It is tempting to think that AI can tame the beast of big data. The international research community is confronted with a vast volume of large-scale datasets that scientists cannot easily incorporate into their research. The impressive computational power of AI, combined with sophisticated standards making it possible to bring together resources from around the globe, promises to make highly data-intensive research quicker and easier for human researchers, lowering the bar for the time and skills required to mine large datasets and make meaning out of existing information. In other words, AI promises convenience.

Unfortunately, convenience is more troubling than it looks. Of course, convenience is a generally uncontroversial good: nobody is for inconvenience. Nevertheless, how convenience is balanced among other generally uncontroversial goods is controversial. For instance, convenience can trade off against quality (think of food: a convenient meal tastes very different from the best meal). Recent research shows that “convenience AI” has unintended but foreseeable long-term consequences for research. In the short term, AI might be convenient for a range of research purposes and particularly to automate routine tasks. However, in the long term, research practices may be adapted to produce research outputs that are made to be convenient for AI, rather than the other way around. This might transform AI from a research facilitator into a research filter if research practices and outputs that are not convenient for AI are devalued as a result. This filter effect risks fostering a fragile type of science that is vulnerable to the significant weaknesses of whichever AI-convenient research practices start to dominate the research ecosystem without robust alternatives to counterbalance them.

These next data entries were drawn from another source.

lemma strict_closure_subset: "strict_closure R \<subseteq> {r + y | r y. r \<in> R \<and> y \<in> ext_ideal m}"
proof
  fix \<alpha> assume "\<alpha> \<in> strict_closure R"
  show "\<alpha> \<in> {r + y | r y. r \<in> R \<and> y \<in> ext_ideal m}"
  proof (rule ccontr)
    assume \<alpha>: "\<alpha> \<notin> {r + y | r y. r \<in> R \<and> y \<in> ext_ideal m}"
    let ?E = "ext_ideal m"
    define N1 where "N1 = adjoin ?E \<alpha>"
    define N2 where "N2 = adjoin ?E 1"
    have N1: "submodule N1" "?E \<subseteq> N1" "\<alpha> \<in> N1"
      unfolding N1_def using submodule_ext_ideal submodule_adjoin subset_adjoin mem_adjoin by auto
    have N2: "submodule N2" "?E \<subseteq> N2" "1 \<in> N2"
      unfolding N2_def using submodule_ext_ideal submodule_adjoin subset_adjoin mem_adjoin by auto
    have "\<alpha> \<notin> N2"
      using \<alpha> unfolding N2_def adjoin_def by (auto simp: add.commute)
    have "1 \<notin> N1"
    proof
      assume "1 \<in> N1"
      then obtain n r where nr: "1 = n + r * \<alpha>" "n \<in> ?E" "r \<in> R" unfolding N1_def adjoin_def by blast
      have "r * \<alpha> \<in> N2"
        using submodule_diff[OF N2(1) N2(3)] N2(2) nr by (metis add_diff_cancel_left' subsetD)
      then have "r \<in> m" using annihilator_in_ideal[OF N2(1,2) \<open>\<alpha> \<notin> N2\<close> nr(3)] by blast
      then have "1 \<in> ?E" using nr ext_ideal_add mult_in_ext_ideal by (metis mult.commute)
      then have "\<alpha> \<in> N2" using N2(2) ext_ideal_mult[of 1 m \<alpha>] by auto
      with \<open>\<alpha> \<notin> N2\<close> show False ..
    qed
    obtain \<phi> where \<phi>: "linear_mod \<phi>" "\<phi> \<alpha> \<in> m" "\<phi> 1 - 1 \<in> m"
      using exists_linear_mod[OF N1(1,2) \<open>1 \<notin> N1\<close>] N1(3) by metis
    obtain \<psi> where \<psi>: "linear_mod \<psi>" "\<psi> 1 \<in> m" "\<psi> \<alpha> - 1 \<in> m"
      using exists_linear_mod[OF N2(1,2) \<open>\<alpha> \<notin> N2\<close>] N2(3) by metis
    have in_R: "\<phi> x \<in> R" "\<psi> x \<in> R" for x
      using \<phi>(1) \<psi>(1) unfolding linear_mod_def by auto
    have "(\<lambda>p. delta (\<alpha>, 1) p - delta (1, \<alpha>) p) \<in> tensor_rel R"
      using \<open>\<alpha> \<in> strict_closure R\<close> unfolding strict_closure_def tensor_eq_def by simp
    from pairing_tensor_rel[OF \<phi>(1) \<psi>(1) this]
    have "\<phi> \<alpha> * \<psi> 1 - \<phi> 1 * \<psi> \<alpha> \<in> m" by (simp add: pairing_delta_diff)
    moreover have "\<phi> \<alpha> * \<psi> 1 \<in> m" using ideal_mult_right[OF in_R(2) \<phi>(2)] .
    moreover have "(\<phi> 1 - 1) * \<psi> \<alpha> + (\<psi> \<alpha> - 1) \<in> m"
      using ideal_add[OF ideal_mult_right[OF in_R(2) \<phi>(3)] \<psi>(3)] .
    ultimately have "\<phi> \<alpha> * \<psi> 1 - (\<phi> \<alpha> * \<psi> 1 - \<phi> 1 * \<psi> \<alpha>) - ((\<phi> 1 - 1) * \<psi> \<alpha> + (\<psi> \<alpha> - 1)) \<in> m"
      using ideal_diff by blast
    then have "1 \<in> m" by (simp add: algebra_simps)
    with one_not_in_ideal show False ..
  qed
qed

end
(* Let $n\ge 2$ and let $T_1,\dots,T_{n-1}$ and $D_1,\dots,D_n$ be the Demazure–Lustig operators and the $q$-Dunkl operators described in the context. Then for $1\le i\le n-1$, $$T_i\,D_{i+1}=t\,D_i\,T_i^{-1},\qquad T_i\,D_i=D_{i+1}\,T_i+(t-1)D_i,$$ and for all $1\le i\le n-1$ and $1\le j\le n$ with $j\ne i,i+1$, $T_iD_j=D_jT_i$.
   Context: Let $n\ge1$, let $q,t$ be generic parameters (indeterminates), and let operators act on Laurent polynomials in $x=(x_1,\dots,x_n)$ with coefficients in $\mathbb{Q}(q,t)$; $x_i$ also denotes multiplication by $x_i$. Let $s_i$ ($1\le i\le n-1$) interchange $x_i$ and $x_{i+1}$, and let $\tau_i$ be the $q$-shift $(\tau_if)(x_1,\dots,x_n)=f(x_1,\dots,qx_i,\dots,x_n)$. The Demazure–Lustig operators are $T_i=t+\frac{tx_i-x_{i+1}}{x_i-x_{i+1}}(s_i-1)$, $1\le i\le n-1$; they satisfy $(T_i-t)(T_i+1)=0$, hence are invertible with $T_i^{-1}=t^{-1}-1+t^{-1}T_i$. Let $\omega=s_{n-1}\cdots s_2s_1\tau_1$ (composition of operators), and for $1\le i\le n$ let $Y_i=t^{-n+i}\,T_i\cdots T_{n-1}\,\omega\,T_1^{-1}\cdots T_{i-1}^{-1}$. For $i<j$ let $T_{ij}^{-1}=T_i^{-1}T_{i+1}^{-1}\cdots T_{j-2}^{-1}T_{j-1}^{-1}T_{j-2}^{-1}\cdots T_i^{-1}$. The $q$-Dunkl operators are $$D_i=x_i^{-1}\Bigl(1-t^{n-1}\Bigl[1+(t^{-1}-1)\sum_{j=i+1}^n t^{j-i}T_{ij}^{-1}\Bigr]Y_i\Bigr),\qquad 1\le i\le n,$$ so in particular $D_n=x_n^{-1}(1-t^{n-1}Y_n)$. *)

theory Defs
  imports "HOL-Library.Poly_Mapping" "HOL-Computational_Algebra.Polynomial"
    "HOL-Computational_Algebra.Fraction_Field"
begin

text \<open>Coefficient field Q(q,t): fraction field of Q[q][t].  The inner polynomial
  variable is q, the outer one is t; both are algebraically independent indeterminates.\<close>
type_synonym qt = "rat poly poly fract"

definition qq :: qt where "qq = Fract [:[:0, 1:]:] 1"
definition tt :: qt where "tt = Fract [:0, 1:] 1"

text \<open>Laurent polynomials: finitely supported maps from integer exponent vectors
  (variable index \<Rightarrow> exponent, variables indexed 1,2,...) to coefficients.\<close>
type_synonym lp = "(nat \<Rightarrow>\<^sub>0 int) \<Rightarrow>\<^sub>0 qt"

definition const :: "qt \<Rightarrow> lp" where "const c = Poly_Mapping.single 0 c"

definition xvar :: "nat \<Rightarrow> lp" where
  "xvar i = Poly_Mapping.single (Poly_Mapping.single i 1) 1"

definition xinv :: "nat \<Rightarrow> lp" where
  "xinv i = Poly_Mapping.single (Poly_Mapping.single i (-1)) 1"

definition laurent_in :: "nat \<Rightarrow> lp set" where
  "laurent_in n = {f. \<forall>m \<in> Poly_Mapping.keys f. Poly_Mapping.keys m \<subseteq> {1..n}}"
lemma collection_time_Max:
  assumes "finite S"
  shows collection_time_ge: "\<lbrakk>v \<in> Y; ({v, x}, earliest_label S v) \<in> S\<rbrakk>
      \<Longrightarrow> earliest_label S v \<le> collection_time S Y x"
    and collection_time_cases: "collection_time S Y x = 0 \<or> (\<exists>v\<in>Y.
      ({v, x}, collection_time S Y x) \<in> S \<and> earliest_label S v = collection_time S Y x)"
proof -
  let ?L = "{earliest_label S v | v. v \<in> Y \<and> ({v, x}, earliest_label S v) \<in> S}"
  have "?L \<subseteq> snd ` S" by force
  with assms have "finite (insert 0 ?L)" using finite_surj by auto
  then show "\<lbrakk>v \<in> Y; ({v, x}, earliest_label S v) \<in> S\<rbrakk> \<Longrightarrow> earliest_label S v \<le> collection_time S Y x"
    unfolding collection_time_def by (intro Max_ge) auto
  have "collection_time S Y x \<in> insert 0 ?L"
    unfolding collection_time_def using \<open>finite (insert 0 ?L)\<close> by (intro Max_in) auto
  then show "collection_time S Y x = 0 \<or> (\<exists>v\<in>Y.
      ({v, x}, collection_time S Y x) \<in> S \<and> earliest_label S v = collection_time S Y x)"
    by auto
qed

lemma journey_after_collection_time:
  assumes "happy E" "S \<subseteq> E" "finite S" "temporally_connected V S" "Y \<subseteq> V" "x \<in> V - Y"
    and w: "w \<in> V - {x}"
  shows "journey_after S (collection_time S Y x) x w"
  using collection_time_cases[OF assms(3), of Y x]
proof
  assume "collection_time S Y x = 0"
  with assms(4,6) w show ?thesis
    unfolding temporally_connected_def by (auto intro: temporal_path_imp_journey_after)
next
  assume "\<exists>v\<in>Y. ({v, x}, collection_time S Y x) \<in> S \<and> earliest_label S v = collection_time S Y x"
  then obtain v where v: "v \<in> Y" "({x, v}, collection_time S Y x) \<in> S"
      "earliest_label S v = collection_time S Y x"
    by (auto simp: insert_commute)
  with assms(5,6) have "v \<in> V" "v \<noteq> x" by auto
  show ?thesis
  proof (cases "w = v")
    case True
    with v(2) \<open>v \<noteq> x\<close> show ?thesis by (auto intro: journey_after_edge)
  next
    case False
    with assms(4) w \<open>v \<in> V\<close> have "journey_after S 0 v w"
      unfolding temporally_connected_def by (auto intro: temporal_path_imp_journey_after)
    with assms(3) v(3) have "journey_after S (collection_time S Y x) v w"
      by (metis journey_after_earliest_label)
    with assms(1,2) v(2) w show ?thesis by (auto intro: journey_after_prepend_edge)
  qed
qed


section \<open>Minimum spanners\<close>

lemma temporal_graph_edge: "temporal_graph V E T \<Longrightarrow> (e, t) \<in> E \<Longrightarrow> e \<subseteq> V \<and> card e = 2"
  unfolding temporal_graph_def by blast

lemma temporal_graph_finite_edges:
  assumes "temporal_graph V E T"
  shows "finite E"
proof -
  from assms have "E \<subseteq> Pow V \<times> {..T}" "finite V" unfolding temporal_graph_def by auto
  then show ?thesis by (meson finite_Pow_iff finite_SigmaI finite_atMost finite_subset)
qed

lemma earliest_edge_into_cover:
  assumes "temporal_graph V E T" "vertex_cover V (underlying E) X" "S \<subseteq> E" "finite S"
    and "(e, t) \<in> S" "u \<in> e" "u \<notin> X"
  obtains x where "x \<in> X" "({u, x}, earliest_label S u) \<in> S"
proof -
  obtain e' where e': "(e', earliest_label S u) \<in> S" "u \<in> e'"
    using earliest_label_attained[OF assms(4-6)] by blast
  with assms(3) have "card e' = 2" using temporal_graph_edge[OF assms(1)] by blast
  then obtain a b where "e' = {a, b}" "a \<noteq> b" by (auto simp: card_2_iff)
  with e'(2) obtain x where x: "e' = {u, x}" by (auto simp: insert_commute)
  with e' assms(2,3,7) have "x \<in> X" unfolding vertex_cover_def underlying_def by force
  with e' x show ?thesis using that by blast
qed

lemma temporally_connected_trees_earliest_edges:
  assumes "temporal_graph V E T" "happy E" "vertex_cover V (underlying E) X"
    and "S \<subseteq> E" "finite S" "temporally_connected V S"
    and trees: "\<And>x. x \<in> X \<Longrightarrow> F x \<subseteq> S \<and> (\<forall>w\<in>V - {x}. journey_after (F x) (collection_time S (V - X) x) x w)"
  shows "temporally_connected V ((\<Union>x\<in>X. F x) \<union> (\<Union>v\<in>V - X. earliest_edges S v))"
    (is "temporally_connected V ?S'")
  unfolding temporally_connected_def
proof (intro ballI impI)
  fix u w assume uw: "u \<in> V" "w \<in> V" "u \<noteq> w"
  have "?S' \<subseteq> E" using trees assms(4) by (auto simp: earliest_edges_def)
  show "temporal_path ?S' u w"
  proof (cases "u \<in> X")
    case True
    with trees uw have "journey_after (F u) (collection_time S (V - X) u) u w" by blast
    moreover have "F u \<subseteq> ?S'" using True by blast
    ultimately have "journey_after ?S' (collection_time S (V - X) u) u w"
      by (rule journey_after_mono) simp
    then show ?thesis by (rule journey_after_imp_temporal_path)
  next
    case False
    from assms(6) uw have "journey_after S 0 u w"
      unfolding temporally_connected_def by (auto intro: temporal_path_imp_journey_after)
    then obtain v t where "({u, v}, t) \<in> S" using journey_after_first_edge by metis
    then obtain x where "x \<in> X" and e: "({u, x}, earliest_label S u) \<in> S"
      using earliest_edge_into_cover[OF assms(1,3,4,5) _ insertI1 False] by blast
    with uw False have edge: "({u, x}, earliest_label S u) \<in> ?S'"
      by (auto simp: earliest_edges_def)
    show ?thesis
    proof (cases "w = x")
      case True
      with uw(3) have "journey_after ?S' 0 u w" using journey_after_edge[OF edge] by simp
      then show ?thesis by (rule journey_after_imp_temporal_path)
    next
      case False
      have "earliest_label S u \<le> collection_time S (V - X) x"
        using collection_time_ge[OF assms(5)] e uw \<open>u \<notin> X\<close> by (simp add: insert_commute)
      moreover have "journey_after (F x) (collection_time S (V - X) x) x w"
        using trees[OF \<open>x \<in> X\<close>] uw False by blast
      moreover have "F x \<subseteq> ?S'" using \<open>x \<in> X\<close> by blast
      ultimately have "journey_after ?S' (earliest_label S u) x w"
        using journey_after_mono by metis
      then have "journey_after ?S' (earliest_label S u) u w"
        using journey_after_prepend_edge[OF assms(2) \<open>?S' \<subseteq> E\<close> edge] uw(3) by blast
      then show ?thesis by (rule journey_after_imp_temporal_path)
    qed
  qed
qed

Democracy and misinformation

In politics, the right to a voice can have as much significance as the right to a vote. A functioning democracy relies on a free and fair public sphere in which citizens review and revise their political judgements in light of reliable sources of information and good-faith discussions among their political allies and political adversaries. However, AI is transforming the terms and conditions of participation in the public sphere. In particular, AI and its implementation through digital platforms significantly change the knowledge environment within which citizens must operate. The digital age has transformed how information is stored, processed, shared, and manipulated — for better and worse. It changes how questions are framed, how answers are provided and how evidence is used. For instance, how AI works has become increasingly opaque. The speed of change produces a “black box” for both experts and citizens: neither the experts nor, as a result, the public always know how the algorithms work and why a certain result is provided. Outside the barriers of intellectual property rights and privacy rights, algorithms are not easy to access and understand anyway. So the experts do not always know precisely what the machines are doing. As a result, it is not always easy for the public to know the complex ways in which AI is misused and its various intended and unintended effects on the public sphere. This has significant ripple effects throughout politics.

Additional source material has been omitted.